What this task involves.
Within the material below, transcribe exactly the lines from the one holding "(if k \<ge>" through the one holding "contains a closed", keeping both ends and skipping the rest.

** Information follows **

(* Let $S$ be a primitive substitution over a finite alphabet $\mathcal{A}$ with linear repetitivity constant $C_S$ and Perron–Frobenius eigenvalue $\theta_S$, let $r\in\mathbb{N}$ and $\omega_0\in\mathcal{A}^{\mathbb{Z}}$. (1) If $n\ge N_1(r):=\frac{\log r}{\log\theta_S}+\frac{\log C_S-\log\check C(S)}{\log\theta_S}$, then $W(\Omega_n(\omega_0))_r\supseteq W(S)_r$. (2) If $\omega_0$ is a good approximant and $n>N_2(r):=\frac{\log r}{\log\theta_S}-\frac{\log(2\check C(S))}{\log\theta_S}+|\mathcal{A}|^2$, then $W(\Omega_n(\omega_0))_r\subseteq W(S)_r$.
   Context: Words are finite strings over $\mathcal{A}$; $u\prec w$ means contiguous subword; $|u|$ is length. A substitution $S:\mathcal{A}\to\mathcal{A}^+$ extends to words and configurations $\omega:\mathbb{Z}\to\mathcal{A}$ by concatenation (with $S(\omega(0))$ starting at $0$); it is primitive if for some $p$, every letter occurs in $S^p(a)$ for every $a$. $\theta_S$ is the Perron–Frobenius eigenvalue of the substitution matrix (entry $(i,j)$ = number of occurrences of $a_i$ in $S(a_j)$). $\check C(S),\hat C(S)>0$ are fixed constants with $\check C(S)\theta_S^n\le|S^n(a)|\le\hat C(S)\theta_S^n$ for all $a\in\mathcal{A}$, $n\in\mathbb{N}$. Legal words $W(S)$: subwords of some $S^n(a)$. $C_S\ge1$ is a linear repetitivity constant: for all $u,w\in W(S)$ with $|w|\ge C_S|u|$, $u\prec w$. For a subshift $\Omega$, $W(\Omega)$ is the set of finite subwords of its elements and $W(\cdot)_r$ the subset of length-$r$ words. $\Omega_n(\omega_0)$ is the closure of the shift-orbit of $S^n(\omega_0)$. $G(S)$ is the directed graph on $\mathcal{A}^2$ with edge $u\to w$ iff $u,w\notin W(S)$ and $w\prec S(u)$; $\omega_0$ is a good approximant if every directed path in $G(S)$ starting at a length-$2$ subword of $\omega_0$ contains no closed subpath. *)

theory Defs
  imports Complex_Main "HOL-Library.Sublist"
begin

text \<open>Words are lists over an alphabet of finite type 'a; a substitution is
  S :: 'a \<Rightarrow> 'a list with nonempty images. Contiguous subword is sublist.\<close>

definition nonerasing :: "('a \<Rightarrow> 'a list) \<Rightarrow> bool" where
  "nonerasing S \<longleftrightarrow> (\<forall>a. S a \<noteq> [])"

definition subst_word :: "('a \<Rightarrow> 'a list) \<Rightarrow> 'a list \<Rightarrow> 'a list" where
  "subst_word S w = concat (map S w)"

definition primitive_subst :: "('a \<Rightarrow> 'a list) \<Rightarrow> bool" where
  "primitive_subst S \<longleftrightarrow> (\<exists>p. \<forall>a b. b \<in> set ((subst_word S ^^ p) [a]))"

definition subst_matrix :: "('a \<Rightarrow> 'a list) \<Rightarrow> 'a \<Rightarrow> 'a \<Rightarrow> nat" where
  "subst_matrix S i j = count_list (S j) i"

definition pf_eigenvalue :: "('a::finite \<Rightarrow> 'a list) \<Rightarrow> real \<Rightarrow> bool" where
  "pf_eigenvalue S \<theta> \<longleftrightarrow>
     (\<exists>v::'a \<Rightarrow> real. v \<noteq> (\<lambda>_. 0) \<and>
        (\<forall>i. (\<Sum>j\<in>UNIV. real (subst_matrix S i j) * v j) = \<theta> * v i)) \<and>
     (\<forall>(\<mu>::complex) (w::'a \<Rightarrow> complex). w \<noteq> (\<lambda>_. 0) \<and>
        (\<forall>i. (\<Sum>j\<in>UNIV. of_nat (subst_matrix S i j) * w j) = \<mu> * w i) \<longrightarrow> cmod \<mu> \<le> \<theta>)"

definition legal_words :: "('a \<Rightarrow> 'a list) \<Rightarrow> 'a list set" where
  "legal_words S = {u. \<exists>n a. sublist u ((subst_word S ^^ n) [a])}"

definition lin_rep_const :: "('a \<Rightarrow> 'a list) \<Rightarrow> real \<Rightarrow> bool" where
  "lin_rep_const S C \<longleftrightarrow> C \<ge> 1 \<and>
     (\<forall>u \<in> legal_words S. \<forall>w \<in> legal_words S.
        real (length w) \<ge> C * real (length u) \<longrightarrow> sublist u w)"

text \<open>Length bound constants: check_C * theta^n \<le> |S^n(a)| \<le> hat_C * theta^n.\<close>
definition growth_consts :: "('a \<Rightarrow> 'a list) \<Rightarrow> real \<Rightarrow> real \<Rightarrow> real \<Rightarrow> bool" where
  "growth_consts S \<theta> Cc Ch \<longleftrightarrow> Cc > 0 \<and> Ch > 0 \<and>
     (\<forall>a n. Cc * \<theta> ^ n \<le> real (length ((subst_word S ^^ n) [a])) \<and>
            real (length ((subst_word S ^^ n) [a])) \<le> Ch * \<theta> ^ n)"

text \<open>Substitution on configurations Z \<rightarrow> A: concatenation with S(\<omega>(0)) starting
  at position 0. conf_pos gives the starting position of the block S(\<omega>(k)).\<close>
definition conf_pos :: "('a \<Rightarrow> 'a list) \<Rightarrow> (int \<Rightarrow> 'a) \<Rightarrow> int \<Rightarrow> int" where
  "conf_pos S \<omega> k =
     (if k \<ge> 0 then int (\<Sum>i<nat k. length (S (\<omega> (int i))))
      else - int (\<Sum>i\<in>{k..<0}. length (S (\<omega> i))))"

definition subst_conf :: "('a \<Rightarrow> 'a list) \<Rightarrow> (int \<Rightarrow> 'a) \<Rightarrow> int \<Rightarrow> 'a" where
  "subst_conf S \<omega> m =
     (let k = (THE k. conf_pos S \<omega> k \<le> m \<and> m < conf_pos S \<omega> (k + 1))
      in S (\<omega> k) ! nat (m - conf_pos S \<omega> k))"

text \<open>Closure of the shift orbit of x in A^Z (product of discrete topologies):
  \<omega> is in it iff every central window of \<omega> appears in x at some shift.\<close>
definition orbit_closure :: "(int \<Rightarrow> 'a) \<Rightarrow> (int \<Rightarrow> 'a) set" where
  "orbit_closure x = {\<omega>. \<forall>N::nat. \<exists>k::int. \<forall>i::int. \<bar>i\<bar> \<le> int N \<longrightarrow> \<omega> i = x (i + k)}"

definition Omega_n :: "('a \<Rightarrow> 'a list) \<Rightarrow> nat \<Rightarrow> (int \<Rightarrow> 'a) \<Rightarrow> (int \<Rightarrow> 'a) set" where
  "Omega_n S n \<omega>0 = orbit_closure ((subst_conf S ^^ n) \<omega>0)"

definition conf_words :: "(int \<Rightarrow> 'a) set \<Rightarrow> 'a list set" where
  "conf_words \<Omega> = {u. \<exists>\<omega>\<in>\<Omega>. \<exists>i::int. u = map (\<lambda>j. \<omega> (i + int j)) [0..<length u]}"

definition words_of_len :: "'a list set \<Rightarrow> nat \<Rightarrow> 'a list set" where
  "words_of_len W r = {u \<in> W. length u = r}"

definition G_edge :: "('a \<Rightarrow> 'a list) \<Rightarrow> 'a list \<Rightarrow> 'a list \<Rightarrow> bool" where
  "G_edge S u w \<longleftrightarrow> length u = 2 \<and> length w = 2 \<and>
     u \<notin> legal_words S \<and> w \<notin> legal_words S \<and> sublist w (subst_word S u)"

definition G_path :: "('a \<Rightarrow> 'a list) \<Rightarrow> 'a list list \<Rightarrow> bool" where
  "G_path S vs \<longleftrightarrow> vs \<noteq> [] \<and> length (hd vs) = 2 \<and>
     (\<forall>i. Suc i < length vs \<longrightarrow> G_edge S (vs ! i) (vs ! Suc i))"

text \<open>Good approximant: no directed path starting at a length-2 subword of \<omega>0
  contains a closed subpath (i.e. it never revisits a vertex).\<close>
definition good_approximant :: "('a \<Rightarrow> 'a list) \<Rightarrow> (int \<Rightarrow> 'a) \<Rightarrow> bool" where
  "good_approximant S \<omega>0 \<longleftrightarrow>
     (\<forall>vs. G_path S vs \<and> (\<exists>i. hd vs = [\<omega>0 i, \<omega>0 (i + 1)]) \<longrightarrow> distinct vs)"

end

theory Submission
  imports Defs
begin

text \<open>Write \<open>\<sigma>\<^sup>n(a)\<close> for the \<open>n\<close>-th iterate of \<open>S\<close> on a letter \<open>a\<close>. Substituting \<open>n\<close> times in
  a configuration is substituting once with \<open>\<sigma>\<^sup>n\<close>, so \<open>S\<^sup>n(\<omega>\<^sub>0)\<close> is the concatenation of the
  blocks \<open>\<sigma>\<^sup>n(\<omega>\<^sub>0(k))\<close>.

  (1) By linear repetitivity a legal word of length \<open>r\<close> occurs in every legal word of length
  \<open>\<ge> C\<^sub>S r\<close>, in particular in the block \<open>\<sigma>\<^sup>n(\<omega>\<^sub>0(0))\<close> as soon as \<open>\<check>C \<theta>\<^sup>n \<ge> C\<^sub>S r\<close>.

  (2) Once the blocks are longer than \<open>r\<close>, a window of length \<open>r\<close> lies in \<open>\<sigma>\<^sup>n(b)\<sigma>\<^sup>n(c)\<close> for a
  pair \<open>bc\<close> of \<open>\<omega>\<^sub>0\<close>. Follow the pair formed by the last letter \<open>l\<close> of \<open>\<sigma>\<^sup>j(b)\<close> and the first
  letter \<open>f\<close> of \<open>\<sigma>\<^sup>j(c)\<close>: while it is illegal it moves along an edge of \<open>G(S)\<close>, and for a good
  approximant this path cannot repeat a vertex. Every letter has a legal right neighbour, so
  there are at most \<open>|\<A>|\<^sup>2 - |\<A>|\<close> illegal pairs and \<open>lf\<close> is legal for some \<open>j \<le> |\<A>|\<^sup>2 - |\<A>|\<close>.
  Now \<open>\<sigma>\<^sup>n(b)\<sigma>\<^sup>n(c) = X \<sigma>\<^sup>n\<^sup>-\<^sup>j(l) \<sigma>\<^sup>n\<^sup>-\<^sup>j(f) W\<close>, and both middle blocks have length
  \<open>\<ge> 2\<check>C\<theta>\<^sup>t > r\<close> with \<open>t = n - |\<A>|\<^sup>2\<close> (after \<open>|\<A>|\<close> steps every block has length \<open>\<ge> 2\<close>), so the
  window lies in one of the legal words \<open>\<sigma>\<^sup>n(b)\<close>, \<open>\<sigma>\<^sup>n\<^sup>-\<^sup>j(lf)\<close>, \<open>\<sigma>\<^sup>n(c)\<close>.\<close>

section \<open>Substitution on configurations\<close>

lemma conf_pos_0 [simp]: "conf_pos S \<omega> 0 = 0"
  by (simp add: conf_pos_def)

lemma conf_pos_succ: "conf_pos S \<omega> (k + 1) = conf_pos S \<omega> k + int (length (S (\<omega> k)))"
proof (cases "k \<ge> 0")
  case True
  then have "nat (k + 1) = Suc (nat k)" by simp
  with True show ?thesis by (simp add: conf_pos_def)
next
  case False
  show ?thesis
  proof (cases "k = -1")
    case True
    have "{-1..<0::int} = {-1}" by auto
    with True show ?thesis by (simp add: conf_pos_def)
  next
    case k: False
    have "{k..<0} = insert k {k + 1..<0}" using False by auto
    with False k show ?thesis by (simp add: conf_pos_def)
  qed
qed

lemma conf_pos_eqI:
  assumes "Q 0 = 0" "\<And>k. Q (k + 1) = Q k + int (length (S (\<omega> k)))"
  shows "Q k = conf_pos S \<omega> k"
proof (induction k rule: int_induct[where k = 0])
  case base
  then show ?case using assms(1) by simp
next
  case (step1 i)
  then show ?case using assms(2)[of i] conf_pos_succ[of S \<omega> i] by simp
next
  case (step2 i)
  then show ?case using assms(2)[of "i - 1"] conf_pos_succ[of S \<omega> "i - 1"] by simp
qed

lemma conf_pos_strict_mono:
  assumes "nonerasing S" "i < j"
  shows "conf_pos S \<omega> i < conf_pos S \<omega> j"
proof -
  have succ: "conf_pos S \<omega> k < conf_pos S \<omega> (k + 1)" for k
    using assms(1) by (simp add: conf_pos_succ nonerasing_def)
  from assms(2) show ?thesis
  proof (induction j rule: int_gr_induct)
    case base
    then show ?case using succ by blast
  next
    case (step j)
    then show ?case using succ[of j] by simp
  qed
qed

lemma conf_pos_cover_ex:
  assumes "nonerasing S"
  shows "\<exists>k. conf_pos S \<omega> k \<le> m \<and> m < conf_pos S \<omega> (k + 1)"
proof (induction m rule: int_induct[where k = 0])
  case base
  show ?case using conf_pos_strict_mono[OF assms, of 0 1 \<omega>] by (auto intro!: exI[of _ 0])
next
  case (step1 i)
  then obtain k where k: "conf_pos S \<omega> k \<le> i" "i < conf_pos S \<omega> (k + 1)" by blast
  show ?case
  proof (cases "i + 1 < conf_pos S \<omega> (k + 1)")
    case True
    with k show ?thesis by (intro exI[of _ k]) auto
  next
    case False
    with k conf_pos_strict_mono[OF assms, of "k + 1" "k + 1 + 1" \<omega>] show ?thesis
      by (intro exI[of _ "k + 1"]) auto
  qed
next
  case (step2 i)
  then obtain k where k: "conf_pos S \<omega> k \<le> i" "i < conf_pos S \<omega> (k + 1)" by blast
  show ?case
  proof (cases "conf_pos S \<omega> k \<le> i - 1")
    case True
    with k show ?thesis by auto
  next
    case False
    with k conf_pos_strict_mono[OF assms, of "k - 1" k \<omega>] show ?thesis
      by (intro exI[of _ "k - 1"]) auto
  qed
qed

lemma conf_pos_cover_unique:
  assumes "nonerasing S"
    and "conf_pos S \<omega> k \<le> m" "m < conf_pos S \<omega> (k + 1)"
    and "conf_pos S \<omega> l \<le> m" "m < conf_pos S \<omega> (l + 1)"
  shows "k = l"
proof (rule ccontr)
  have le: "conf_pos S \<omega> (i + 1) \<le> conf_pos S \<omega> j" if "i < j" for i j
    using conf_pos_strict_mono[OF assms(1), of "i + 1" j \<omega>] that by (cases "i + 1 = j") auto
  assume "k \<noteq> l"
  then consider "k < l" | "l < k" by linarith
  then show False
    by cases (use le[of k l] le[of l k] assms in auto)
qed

** End of Information **

Result of this task.
     (if k \<ge> 0 then int (\<Sum>i<nat k. length (S (\<omega> (int i))))
      else - int (\<Sum>i\<in>{k..<0}. length (S (\<omega> i))))"

definition subst_conf :: "('a \<Rightarrow> 'a list) \<Rightarrow> (int \<Rightarrow> 'a) \<Rightarrow> int \<Rightarrow> 'a" where
  "subst_conf S \<omega> m =
     (let k = (THE k. conf_pos S \<omega> k \<le> m \<and> m < conf_pos S \<omega> (k + 1))
      in S (\<omega> k) ! nat (m - conf_pos S \<omega> k))"

text \<open>Closure of the shift orbit of x in A^Z (product of discrete topologies):
  \<omega> is in it iff every central window of \<omega> appears in x at some shift.\<close>
definition orbit_closure :: "(int \<Rightarrow> 'a) \<Rightarrow> (int \<Rightarrow> 'a) set" where
  "orbit_closure x = {\<omega>. \<forall>N::nat. \<exists>k::int. \<forall>i::int. \<bar>i\<bar> \<le> int N \<longrightarrow> \<omega> i = x (i + k)}"

definition Omega_n :: "('a \<Rightarrow> 'a list) \<Rightarrow> nat \<Rightarrow> (int \<Rightarrow> 'a) \<Rightarrow> (int \<Rightarrow> 'a) set" where
  "Omega_n S n \<omega>0 = orbit_closure ((subst_conf S ^^ n) \<omega>0)"

definition conf_words :: "(int \<Rightarrow> 'a) set \<Rightarrow> 'a list set" where
  "conf_words \<Omega> = {u. \<exists>\<omega>\<in>\<Omega>. \<exists>i::int. u = map (\<lambda>j. \<omega> (i + int j)) [0..<length u]}"

definition words_of_len :: "'a list set \<Rightarrow> nat \<Rightarrow> 'a list set" where
  "words_of_len W r = {u \<in> W. length u = r}"

definition G_edge :: "('a \<Rightarrow> 'a list) \<Rightarrow> 'a list \<Rightarrow> 'a list \<Rightarrow> bool" where
  "G_edge S u w \<longleftrightarrow> length u = 2 \<and> length w = 2 \<and>
     u \<notin> legal_words S \<and> w \<notin> legal_words S \<and> sublist w (subst_word S u)"

definition G_path :: "('a \<Rightarrow> 'a list) \<Rightarrow> 'a list list \<Rightarrow> bool" where
  "G_path S vs \<longleftrightarrow> vs \<noteq> [] \<and> length (hd vs) = 2 \<and>
     (\<forall>i. Suc i < length vs \<longrightarrow> G_edge S (vs ! i) (vs ! Suc i))"

text \<open>Good approximant: no directed path starting at a length-2 subword of \<omega>0
  contains a closed subpath (i.e. it never revisits a vertex).\<close>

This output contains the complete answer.